### Assignment:
Some lines hold the string "True". Copy all of them from the material that follows.

===== Records for processing

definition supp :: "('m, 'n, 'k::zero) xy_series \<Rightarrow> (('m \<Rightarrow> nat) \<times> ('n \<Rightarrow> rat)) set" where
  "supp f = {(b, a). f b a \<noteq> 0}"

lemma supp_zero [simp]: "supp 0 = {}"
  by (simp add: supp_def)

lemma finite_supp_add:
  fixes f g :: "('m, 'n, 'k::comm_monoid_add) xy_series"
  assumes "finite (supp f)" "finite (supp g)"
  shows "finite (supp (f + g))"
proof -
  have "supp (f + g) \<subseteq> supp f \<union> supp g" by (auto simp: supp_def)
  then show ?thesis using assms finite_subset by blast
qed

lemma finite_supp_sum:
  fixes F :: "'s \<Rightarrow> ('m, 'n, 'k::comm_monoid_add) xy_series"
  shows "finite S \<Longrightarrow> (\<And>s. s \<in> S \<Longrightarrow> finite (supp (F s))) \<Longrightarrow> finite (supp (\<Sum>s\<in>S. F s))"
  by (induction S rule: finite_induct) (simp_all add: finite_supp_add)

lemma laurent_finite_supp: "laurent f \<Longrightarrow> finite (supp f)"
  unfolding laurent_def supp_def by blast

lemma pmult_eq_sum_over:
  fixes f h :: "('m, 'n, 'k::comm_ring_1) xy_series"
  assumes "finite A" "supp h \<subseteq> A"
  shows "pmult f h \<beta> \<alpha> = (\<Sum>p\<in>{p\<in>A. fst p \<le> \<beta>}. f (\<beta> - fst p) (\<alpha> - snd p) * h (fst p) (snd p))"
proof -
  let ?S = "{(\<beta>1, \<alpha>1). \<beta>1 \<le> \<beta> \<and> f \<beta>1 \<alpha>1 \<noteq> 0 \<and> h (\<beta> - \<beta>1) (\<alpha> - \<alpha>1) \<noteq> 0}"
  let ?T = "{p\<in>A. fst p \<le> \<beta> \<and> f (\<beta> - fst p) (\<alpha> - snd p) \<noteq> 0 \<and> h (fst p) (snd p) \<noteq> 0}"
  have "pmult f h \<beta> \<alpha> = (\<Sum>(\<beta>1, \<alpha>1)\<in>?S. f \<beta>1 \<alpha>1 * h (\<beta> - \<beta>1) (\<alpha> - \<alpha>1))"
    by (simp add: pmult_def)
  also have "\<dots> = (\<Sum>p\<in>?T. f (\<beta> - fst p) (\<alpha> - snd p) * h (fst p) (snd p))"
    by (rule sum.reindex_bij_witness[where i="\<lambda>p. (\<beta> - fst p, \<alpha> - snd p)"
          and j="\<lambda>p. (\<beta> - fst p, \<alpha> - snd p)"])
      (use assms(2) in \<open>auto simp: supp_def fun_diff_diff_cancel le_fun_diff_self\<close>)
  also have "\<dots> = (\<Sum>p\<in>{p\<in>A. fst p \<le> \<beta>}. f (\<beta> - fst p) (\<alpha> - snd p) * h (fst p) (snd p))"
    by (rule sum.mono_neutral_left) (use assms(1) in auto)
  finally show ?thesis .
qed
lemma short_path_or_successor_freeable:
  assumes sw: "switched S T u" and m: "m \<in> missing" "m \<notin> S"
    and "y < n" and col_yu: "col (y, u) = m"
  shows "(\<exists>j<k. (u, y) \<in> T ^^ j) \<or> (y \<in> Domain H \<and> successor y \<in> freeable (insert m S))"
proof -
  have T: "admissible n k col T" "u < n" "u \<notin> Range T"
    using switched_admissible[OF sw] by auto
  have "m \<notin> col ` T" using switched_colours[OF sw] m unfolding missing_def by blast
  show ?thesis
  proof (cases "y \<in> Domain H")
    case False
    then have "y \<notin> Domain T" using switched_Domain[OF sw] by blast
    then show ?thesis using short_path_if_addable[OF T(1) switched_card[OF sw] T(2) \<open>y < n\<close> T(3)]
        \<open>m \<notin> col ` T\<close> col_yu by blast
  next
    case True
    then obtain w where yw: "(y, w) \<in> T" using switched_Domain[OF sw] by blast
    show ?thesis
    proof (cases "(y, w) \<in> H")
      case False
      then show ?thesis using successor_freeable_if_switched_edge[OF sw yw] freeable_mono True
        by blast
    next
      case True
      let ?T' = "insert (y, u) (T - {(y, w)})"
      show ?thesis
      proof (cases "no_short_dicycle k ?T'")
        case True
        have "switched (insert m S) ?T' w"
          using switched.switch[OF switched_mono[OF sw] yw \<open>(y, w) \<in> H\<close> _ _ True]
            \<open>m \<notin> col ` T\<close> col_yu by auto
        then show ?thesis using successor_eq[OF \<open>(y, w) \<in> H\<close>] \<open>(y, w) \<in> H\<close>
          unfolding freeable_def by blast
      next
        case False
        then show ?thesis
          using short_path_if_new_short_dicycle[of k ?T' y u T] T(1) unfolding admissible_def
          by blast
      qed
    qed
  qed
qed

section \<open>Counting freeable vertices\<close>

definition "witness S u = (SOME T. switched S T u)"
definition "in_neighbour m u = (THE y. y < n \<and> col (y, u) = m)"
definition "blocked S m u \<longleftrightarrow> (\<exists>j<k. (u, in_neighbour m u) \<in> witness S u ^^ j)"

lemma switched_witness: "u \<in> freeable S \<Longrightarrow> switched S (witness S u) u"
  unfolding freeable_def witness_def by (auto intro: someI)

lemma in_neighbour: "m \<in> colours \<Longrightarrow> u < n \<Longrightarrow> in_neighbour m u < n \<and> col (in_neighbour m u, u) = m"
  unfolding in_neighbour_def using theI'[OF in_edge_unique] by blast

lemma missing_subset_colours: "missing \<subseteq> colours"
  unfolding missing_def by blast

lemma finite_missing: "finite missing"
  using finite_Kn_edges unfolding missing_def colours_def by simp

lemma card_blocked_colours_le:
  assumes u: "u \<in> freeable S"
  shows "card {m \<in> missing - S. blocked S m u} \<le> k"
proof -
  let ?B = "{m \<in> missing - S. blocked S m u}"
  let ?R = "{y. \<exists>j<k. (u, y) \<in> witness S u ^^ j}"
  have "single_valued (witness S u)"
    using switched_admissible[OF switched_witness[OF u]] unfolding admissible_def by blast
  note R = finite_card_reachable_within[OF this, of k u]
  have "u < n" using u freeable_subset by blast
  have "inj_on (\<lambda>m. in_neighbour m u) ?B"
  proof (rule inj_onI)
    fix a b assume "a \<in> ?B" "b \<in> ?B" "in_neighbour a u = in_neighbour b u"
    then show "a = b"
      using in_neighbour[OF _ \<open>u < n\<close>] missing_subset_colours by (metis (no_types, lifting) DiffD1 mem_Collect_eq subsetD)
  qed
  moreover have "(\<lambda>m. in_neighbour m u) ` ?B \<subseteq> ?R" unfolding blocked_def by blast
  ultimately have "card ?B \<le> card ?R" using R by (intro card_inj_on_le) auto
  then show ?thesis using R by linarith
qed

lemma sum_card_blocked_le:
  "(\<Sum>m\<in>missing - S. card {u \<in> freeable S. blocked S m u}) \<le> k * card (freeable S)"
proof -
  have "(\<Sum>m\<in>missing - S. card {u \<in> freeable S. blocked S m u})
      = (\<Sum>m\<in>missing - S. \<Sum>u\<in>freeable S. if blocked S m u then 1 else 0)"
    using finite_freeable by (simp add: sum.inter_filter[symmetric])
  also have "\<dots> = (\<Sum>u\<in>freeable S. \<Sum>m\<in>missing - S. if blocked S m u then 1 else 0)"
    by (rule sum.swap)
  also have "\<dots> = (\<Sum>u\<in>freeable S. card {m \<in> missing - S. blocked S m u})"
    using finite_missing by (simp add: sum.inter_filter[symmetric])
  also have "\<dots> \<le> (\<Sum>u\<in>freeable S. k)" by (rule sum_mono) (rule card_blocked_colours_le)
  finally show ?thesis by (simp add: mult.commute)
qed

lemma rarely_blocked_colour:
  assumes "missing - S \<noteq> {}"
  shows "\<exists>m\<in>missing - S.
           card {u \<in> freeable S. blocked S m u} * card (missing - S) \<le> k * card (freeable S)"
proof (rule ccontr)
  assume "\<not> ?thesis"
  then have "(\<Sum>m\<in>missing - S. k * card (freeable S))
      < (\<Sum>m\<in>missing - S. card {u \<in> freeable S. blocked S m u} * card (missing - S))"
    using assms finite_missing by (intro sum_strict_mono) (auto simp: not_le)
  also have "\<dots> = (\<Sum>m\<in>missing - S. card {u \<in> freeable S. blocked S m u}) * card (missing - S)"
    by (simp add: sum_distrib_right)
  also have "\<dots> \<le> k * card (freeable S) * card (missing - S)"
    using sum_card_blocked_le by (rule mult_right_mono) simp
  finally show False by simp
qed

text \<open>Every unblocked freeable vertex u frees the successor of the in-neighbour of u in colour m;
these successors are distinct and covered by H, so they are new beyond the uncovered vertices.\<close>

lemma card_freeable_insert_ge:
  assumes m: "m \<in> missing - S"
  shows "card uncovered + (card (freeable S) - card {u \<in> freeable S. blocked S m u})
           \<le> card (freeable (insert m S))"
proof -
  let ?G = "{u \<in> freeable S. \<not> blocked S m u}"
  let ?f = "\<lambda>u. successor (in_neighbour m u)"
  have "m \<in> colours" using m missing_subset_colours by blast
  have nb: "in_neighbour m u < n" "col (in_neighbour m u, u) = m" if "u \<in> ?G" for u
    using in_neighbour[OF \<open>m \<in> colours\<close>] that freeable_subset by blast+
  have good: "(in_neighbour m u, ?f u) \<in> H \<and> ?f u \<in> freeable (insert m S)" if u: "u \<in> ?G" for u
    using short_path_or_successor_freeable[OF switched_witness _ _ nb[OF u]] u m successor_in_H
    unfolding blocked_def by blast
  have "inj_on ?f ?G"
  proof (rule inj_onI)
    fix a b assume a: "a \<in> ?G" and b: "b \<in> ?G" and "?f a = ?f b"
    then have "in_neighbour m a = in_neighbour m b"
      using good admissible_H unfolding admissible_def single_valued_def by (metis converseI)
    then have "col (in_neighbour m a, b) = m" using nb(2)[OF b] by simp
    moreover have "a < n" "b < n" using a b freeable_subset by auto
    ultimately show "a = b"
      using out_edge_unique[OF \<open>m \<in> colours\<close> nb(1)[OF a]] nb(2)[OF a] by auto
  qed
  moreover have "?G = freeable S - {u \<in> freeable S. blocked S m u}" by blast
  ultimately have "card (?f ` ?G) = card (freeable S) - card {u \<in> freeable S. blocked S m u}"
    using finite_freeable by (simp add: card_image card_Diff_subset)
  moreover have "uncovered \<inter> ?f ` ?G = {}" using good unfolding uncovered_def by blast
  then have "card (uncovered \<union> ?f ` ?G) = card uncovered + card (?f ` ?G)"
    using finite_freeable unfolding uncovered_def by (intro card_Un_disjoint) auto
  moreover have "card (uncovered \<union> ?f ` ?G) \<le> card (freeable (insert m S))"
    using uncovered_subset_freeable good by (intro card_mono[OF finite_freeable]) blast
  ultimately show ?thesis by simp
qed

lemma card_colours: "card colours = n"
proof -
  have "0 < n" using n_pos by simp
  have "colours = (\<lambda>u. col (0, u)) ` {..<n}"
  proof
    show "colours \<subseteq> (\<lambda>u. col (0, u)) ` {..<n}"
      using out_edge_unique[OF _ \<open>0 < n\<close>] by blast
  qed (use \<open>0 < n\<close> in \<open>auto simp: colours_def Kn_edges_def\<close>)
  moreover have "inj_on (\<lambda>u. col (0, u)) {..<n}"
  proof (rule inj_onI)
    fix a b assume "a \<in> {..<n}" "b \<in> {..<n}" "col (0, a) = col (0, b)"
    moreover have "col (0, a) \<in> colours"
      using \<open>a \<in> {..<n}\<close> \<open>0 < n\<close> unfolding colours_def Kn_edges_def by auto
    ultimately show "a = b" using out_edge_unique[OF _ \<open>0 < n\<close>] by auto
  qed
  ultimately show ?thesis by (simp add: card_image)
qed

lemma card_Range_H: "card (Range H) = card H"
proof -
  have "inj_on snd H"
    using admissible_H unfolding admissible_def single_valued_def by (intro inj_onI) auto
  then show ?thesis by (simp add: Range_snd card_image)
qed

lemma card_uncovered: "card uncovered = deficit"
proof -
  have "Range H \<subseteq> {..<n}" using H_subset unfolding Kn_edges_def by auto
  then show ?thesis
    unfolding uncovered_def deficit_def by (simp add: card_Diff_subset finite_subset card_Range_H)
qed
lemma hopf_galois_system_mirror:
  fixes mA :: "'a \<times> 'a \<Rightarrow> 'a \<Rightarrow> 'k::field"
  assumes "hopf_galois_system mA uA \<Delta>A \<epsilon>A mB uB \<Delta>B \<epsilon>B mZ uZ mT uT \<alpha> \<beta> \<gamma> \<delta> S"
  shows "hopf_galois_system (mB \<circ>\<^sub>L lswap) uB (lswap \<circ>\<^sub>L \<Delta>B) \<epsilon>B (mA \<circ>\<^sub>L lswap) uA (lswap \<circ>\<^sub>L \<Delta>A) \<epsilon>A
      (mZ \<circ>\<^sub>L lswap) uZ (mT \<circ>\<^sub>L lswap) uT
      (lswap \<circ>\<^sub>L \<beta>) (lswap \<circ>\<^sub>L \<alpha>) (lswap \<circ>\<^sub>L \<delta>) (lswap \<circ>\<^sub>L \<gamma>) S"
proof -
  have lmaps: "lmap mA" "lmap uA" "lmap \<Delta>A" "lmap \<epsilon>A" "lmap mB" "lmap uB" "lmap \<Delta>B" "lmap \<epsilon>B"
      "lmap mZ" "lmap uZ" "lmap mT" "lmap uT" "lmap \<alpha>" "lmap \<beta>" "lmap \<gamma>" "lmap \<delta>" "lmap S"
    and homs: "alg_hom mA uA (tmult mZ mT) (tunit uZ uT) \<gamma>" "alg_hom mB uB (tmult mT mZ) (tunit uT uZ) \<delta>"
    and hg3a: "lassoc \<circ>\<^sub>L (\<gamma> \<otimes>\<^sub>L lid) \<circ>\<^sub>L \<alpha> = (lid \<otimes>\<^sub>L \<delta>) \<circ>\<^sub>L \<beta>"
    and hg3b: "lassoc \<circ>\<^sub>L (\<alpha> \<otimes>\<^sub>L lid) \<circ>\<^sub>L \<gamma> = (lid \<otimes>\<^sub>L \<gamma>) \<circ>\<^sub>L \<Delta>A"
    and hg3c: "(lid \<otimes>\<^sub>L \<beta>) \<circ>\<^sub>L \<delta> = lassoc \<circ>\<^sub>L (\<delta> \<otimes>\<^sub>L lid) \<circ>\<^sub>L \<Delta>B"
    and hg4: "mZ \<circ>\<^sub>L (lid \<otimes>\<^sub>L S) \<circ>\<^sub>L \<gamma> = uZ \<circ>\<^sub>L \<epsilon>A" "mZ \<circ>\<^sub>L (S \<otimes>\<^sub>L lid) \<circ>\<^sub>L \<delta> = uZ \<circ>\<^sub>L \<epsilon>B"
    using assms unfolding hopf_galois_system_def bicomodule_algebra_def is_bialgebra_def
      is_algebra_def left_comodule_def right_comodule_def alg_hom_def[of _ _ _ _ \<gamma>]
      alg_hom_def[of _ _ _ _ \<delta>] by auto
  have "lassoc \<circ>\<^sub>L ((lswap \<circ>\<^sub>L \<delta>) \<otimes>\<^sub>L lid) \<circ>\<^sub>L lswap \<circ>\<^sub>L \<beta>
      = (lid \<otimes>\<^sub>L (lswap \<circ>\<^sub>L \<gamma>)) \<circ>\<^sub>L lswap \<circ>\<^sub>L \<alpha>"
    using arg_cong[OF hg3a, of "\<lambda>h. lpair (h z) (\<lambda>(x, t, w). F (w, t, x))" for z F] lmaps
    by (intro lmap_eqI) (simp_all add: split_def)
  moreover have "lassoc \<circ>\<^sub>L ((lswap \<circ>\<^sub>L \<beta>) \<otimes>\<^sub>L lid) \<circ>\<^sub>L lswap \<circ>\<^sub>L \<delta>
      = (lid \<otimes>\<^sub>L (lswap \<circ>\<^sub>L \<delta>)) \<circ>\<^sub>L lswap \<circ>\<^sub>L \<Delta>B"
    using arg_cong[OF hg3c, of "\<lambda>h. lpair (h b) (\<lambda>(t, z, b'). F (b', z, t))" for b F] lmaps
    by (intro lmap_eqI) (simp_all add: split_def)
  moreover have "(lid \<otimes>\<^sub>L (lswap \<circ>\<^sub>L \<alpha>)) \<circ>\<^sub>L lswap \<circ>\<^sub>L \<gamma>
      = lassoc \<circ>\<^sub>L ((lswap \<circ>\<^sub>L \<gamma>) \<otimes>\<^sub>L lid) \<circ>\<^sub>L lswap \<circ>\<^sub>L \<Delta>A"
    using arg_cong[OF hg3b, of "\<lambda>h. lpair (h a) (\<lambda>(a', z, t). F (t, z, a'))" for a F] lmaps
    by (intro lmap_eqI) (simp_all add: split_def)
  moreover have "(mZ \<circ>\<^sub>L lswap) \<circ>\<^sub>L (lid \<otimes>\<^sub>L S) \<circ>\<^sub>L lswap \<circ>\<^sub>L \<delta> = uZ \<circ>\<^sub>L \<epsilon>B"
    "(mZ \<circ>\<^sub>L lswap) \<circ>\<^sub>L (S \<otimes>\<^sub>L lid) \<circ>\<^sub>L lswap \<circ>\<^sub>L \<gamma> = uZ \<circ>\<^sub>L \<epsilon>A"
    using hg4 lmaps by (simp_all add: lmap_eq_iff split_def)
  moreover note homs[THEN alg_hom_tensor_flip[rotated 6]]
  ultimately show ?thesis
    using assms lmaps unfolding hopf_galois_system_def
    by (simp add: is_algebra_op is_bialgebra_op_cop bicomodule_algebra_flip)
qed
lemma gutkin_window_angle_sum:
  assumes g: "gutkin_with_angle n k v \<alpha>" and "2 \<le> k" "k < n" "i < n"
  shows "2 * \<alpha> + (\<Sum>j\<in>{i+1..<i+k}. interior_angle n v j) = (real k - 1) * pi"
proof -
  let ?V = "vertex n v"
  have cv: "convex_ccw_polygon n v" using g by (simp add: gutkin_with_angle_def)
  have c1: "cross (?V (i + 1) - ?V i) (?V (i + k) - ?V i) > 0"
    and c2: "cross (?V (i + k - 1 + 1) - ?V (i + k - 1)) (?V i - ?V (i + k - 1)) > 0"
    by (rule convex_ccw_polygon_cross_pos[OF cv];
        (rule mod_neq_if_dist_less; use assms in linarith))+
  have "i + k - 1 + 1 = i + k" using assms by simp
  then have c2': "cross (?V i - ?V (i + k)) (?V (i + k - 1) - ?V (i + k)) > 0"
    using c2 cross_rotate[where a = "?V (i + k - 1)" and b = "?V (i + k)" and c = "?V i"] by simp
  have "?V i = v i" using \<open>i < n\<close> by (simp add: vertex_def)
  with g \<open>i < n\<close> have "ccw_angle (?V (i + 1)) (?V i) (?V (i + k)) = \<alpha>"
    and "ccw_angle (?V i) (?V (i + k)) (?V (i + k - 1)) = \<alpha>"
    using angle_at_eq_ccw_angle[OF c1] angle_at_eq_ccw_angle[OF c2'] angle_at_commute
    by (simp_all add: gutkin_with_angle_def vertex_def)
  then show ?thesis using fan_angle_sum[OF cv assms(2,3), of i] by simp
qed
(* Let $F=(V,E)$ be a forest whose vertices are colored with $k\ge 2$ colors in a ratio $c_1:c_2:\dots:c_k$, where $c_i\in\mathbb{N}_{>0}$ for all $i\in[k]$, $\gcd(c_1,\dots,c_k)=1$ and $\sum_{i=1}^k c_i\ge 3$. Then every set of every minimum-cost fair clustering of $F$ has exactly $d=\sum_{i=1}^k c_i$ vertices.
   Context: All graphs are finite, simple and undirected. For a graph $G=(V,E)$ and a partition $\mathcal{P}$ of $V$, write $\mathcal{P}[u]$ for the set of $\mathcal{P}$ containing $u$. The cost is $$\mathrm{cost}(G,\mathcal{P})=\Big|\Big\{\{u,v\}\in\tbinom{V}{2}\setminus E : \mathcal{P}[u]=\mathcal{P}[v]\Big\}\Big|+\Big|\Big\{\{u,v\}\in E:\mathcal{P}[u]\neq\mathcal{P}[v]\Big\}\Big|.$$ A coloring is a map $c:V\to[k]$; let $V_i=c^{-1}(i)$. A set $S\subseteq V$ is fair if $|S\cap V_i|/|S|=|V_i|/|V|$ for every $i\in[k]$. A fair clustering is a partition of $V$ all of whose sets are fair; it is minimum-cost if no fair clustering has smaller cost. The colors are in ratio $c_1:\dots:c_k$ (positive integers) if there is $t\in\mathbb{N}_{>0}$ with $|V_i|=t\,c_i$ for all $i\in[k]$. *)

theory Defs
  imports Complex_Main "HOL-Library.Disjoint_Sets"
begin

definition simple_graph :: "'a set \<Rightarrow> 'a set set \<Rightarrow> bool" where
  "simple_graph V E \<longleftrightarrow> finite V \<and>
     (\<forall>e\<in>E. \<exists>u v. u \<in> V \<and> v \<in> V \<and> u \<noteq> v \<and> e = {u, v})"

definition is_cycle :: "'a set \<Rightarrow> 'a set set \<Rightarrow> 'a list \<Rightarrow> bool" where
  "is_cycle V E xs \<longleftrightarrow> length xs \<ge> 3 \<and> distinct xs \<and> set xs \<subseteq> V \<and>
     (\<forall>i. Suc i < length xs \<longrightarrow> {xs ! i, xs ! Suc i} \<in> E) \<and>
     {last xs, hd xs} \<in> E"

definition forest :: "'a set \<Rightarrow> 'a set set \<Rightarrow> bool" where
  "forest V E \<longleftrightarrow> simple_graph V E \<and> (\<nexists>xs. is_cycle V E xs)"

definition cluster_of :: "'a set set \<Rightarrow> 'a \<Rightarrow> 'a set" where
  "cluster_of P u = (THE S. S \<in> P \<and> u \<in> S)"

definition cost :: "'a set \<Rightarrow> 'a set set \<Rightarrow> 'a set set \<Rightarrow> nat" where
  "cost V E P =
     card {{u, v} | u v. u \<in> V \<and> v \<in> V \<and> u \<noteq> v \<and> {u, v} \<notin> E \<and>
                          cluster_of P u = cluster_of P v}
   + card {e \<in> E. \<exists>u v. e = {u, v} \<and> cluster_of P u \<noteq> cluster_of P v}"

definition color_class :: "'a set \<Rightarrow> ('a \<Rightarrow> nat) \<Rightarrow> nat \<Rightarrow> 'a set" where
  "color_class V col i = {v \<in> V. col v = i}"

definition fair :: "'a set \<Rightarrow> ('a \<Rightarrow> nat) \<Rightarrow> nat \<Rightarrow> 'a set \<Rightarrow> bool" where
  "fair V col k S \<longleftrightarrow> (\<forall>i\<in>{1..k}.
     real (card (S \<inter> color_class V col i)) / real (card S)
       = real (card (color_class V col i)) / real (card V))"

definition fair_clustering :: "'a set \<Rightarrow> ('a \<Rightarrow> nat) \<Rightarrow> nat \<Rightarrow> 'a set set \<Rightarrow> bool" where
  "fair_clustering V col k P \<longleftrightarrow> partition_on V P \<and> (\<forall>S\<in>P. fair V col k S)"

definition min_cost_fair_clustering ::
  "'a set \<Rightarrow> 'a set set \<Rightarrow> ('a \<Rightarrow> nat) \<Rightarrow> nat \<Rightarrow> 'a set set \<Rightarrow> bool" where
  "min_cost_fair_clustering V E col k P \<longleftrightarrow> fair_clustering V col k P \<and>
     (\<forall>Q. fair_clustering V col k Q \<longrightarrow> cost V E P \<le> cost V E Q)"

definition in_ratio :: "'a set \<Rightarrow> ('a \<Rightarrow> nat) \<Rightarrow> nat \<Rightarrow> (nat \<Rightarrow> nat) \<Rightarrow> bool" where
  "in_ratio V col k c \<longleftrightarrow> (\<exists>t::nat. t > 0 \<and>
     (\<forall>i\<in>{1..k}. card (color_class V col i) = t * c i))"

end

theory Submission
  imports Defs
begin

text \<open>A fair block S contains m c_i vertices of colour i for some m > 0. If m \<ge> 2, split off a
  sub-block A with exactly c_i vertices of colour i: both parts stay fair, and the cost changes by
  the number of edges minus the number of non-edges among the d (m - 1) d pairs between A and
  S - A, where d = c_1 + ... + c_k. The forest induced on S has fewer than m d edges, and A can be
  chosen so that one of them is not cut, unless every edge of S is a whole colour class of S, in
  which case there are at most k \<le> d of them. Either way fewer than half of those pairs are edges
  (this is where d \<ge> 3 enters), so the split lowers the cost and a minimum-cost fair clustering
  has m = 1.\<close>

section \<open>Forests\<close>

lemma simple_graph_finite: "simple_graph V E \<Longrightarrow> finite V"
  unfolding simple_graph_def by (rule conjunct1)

==========

### Exercise solution:
    case True
      then show ?thesis using successor_freeable_if_switched_edge[OF sw yw] freeable_mono True
      case True
        case True
          using switched.switch[OF switched_mono[OF sw] yw \<open>(y, w) \<in> H\<close> _ _ True]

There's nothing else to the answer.